Data extract:
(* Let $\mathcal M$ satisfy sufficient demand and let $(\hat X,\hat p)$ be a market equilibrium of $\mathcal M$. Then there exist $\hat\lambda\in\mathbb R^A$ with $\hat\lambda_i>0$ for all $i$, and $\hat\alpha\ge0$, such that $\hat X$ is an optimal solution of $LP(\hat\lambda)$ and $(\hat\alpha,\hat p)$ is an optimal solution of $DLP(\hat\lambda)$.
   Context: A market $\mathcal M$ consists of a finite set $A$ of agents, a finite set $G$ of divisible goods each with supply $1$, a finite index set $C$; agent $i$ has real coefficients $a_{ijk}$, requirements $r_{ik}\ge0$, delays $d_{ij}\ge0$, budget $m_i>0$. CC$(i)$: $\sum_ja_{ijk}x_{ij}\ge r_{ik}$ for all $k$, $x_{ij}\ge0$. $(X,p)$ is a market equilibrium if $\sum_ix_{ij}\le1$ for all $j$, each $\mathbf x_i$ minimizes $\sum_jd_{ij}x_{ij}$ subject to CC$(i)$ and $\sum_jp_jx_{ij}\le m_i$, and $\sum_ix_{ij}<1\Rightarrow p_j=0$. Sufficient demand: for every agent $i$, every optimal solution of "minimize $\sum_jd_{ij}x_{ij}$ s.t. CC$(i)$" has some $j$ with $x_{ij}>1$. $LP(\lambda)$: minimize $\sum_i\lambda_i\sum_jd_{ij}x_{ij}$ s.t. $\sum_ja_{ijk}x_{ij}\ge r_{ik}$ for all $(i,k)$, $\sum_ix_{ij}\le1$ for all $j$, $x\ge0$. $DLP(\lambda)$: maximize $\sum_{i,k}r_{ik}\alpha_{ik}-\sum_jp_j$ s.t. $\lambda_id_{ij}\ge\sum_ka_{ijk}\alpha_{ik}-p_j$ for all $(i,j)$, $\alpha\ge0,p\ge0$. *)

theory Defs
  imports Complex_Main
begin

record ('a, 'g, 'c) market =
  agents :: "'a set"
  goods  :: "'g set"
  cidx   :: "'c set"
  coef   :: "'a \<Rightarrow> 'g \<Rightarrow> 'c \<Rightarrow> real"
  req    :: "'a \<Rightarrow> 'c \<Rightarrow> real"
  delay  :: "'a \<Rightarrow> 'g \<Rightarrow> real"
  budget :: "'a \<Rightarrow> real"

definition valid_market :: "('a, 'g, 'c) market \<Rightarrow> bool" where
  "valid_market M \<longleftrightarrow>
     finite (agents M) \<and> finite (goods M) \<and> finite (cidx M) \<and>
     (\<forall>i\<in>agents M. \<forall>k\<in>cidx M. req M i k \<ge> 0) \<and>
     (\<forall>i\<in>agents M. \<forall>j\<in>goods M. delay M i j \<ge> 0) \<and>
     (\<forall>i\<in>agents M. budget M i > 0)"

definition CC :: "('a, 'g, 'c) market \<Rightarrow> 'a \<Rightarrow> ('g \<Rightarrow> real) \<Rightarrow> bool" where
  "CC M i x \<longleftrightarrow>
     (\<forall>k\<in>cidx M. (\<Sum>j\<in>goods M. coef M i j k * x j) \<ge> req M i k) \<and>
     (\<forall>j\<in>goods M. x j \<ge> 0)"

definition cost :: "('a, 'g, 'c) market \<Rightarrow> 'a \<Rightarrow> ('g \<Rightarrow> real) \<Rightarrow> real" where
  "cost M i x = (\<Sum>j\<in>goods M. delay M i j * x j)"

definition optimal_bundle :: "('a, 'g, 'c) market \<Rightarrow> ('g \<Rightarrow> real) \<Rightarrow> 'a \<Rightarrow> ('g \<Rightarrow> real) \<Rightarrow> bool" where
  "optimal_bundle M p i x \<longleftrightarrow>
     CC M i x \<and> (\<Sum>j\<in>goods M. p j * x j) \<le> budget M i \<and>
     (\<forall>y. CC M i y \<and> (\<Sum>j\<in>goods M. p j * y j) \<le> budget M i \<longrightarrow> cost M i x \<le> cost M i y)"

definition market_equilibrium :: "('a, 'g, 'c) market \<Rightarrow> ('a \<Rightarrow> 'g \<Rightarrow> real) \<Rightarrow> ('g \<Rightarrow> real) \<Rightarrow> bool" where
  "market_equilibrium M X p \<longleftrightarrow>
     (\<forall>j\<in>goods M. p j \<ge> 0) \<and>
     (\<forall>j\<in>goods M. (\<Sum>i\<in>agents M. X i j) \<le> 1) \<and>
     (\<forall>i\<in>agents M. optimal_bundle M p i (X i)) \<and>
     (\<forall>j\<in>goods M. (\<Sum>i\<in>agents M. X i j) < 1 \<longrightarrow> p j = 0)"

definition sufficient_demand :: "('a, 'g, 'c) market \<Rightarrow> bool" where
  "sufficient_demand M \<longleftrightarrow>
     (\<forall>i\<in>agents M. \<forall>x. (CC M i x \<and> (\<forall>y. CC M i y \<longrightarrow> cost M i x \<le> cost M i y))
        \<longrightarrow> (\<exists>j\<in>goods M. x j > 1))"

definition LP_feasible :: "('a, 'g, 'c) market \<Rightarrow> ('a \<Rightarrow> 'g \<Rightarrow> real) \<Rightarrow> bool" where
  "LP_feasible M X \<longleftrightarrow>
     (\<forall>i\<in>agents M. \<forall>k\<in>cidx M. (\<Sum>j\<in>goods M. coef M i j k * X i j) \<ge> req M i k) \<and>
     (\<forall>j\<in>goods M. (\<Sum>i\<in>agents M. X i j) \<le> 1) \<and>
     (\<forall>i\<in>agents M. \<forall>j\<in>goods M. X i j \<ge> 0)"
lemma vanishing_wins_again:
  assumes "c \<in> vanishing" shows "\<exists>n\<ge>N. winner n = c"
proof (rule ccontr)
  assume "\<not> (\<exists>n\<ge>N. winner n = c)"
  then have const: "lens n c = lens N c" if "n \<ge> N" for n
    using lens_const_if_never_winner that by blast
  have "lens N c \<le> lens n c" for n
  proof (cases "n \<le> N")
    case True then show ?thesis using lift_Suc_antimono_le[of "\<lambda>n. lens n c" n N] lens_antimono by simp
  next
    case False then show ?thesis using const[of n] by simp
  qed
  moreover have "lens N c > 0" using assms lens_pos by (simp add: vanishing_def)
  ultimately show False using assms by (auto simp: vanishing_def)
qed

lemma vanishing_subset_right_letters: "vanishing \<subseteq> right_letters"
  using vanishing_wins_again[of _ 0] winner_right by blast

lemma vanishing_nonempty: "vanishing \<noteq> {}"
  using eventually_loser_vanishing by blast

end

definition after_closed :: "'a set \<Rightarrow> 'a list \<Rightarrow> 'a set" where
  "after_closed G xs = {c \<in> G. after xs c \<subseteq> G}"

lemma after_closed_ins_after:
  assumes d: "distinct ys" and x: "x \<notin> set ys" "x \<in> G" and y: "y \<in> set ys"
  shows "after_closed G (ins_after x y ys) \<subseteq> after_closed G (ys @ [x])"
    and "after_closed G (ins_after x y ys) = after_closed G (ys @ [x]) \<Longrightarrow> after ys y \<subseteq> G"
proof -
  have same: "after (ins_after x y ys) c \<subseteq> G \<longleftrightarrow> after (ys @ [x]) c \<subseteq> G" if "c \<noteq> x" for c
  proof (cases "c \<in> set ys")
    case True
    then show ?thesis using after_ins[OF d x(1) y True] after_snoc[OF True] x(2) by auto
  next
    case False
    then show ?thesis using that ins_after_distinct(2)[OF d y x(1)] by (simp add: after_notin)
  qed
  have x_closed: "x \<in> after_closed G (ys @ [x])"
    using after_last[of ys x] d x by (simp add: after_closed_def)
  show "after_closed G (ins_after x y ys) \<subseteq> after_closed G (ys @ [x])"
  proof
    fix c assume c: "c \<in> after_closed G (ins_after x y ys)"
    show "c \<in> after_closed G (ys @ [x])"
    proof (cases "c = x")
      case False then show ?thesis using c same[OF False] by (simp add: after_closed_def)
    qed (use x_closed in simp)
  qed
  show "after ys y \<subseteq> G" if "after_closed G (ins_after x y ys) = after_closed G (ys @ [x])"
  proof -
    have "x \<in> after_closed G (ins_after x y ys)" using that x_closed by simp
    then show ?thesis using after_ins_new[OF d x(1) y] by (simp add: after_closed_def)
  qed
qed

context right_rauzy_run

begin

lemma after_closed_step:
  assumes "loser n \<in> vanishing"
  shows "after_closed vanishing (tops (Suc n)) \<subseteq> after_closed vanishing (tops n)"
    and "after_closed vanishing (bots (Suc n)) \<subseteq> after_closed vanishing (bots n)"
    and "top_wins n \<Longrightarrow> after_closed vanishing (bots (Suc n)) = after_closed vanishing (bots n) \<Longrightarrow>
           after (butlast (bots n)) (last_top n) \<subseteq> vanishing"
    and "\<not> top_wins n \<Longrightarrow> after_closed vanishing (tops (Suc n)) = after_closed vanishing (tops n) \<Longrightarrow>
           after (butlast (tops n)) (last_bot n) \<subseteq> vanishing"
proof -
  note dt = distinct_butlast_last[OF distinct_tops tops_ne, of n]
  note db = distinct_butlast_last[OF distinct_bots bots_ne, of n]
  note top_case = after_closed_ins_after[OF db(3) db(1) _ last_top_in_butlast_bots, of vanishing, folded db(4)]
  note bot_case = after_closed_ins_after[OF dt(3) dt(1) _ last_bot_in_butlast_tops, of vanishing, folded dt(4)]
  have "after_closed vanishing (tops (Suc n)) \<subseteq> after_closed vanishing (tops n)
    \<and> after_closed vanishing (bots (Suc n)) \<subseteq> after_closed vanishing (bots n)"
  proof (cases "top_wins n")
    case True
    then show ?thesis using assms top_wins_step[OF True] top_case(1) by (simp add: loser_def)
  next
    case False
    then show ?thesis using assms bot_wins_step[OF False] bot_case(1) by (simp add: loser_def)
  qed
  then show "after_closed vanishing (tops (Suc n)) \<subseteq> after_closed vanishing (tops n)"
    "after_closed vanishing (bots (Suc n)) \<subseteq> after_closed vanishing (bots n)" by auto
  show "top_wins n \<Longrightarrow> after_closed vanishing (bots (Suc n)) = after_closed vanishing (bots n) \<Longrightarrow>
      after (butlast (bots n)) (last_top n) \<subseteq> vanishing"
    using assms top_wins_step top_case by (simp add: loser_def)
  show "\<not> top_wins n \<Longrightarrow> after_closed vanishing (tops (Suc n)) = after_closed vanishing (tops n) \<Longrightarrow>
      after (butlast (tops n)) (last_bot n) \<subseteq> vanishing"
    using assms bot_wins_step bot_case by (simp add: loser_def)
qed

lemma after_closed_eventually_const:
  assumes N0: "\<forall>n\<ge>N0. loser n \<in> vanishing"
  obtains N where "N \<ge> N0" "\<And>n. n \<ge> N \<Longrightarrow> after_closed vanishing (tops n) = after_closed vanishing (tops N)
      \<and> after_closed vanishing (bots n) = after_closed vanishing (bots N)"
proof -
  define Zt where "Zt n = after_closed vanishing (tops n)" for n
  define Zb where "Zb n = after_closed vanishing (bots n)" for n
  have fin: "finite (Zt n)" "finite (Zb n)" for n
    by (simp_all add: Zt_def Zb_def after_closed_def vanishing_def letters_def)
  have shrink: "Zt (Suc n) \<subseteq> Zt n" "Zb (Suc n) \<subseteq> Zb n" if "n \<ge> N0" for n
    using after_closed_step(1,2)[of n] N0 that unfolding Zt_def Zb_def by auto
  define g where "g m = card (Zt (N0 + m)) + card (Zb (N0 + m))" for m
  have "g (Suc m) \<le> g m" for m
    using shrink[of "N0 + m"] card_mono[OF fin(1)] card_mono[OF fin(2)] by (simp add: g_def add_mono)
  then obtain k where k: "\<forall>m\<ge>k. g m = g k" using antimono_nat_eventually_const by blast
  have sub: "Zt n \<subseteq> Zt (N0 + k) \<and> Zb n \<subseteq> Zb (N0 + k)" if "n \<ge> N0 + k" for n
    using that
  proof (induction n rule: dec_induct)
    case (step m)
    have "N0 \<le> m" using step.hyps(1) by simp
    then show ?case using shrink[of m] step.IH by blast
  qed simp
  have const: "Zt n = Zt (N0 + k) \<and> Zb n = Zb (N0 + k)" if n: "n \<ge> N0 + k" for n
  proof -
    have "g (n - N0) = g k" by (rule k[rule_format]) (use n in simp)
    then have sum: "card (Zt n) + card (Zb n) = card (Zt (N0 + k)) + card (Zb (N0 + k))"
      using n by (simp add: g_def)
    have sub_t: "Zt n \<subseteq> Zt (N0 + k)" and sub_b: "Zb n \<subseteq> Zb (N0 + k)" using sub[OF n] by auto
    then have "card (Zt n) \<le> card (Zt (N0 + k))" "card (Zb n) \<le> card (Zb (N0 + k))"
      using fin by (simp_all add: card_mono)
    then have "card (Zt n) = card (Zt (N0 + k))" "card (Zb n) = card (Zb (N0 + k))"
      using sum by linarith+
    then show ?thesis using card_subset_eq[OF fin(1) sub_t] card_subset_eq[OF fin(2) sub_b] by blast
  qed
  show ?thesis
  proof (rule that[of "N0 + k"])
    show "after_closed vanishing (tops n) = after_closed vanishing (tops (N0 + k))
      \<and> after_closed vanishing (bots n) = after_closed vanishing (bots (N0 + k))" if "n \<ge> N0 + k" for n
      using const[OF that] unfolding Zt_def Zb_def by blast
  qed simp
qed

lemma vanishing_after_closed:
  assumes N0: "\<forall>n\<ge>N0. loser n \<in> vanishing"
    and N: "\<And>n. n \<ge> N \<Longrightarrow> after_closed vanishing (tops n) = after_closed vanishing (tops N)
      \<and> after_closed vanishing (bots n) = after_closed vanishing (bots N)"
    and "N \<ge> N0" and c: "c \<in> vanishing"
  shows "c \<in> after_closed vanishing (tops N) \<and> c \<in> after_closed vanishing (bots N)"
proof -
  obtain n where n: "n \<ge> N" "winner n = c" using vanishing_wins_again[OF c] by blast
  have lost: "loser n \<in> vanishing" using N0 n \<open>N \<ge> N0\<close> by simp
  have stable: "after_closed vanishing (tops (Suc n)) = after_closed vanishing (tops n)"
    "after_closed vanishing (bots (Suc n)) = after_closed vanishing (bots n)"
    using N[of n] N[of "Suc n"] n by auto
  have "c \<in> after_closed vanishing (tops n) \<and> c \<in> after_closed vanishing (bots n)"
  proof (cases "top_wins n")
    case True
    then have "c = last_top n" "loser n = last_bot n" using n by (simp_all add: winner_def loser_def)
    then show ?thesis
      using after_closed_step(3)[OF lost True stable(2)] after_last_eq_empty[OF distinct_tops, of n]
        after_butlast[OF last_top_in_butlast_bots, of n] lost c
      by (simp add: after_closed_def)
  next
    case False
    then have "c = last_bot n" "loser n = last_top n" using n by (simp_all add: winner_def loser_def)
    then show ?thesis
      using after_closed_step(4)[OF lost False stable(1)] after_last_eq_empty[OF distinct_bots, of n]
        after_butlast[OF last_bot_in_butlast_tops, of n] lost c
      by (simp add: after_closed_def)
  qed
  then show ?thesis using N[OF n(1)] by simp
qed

Problem statement: Would you please show every line of the material above that includes the string "stable"?

Solution to the problem:
  have stable: "after_closed vanishing (tops (Suc n)) = after_closed vanishing (tops n)"
      using after_closed_step(3)[OF lost True stable(2)] after_last_eq_empty[OF distinct_tops, of n]
      using after_closed_step(4)[OF lost False stable(1)] after_last_eq_empty[OF distinct_bots, of n]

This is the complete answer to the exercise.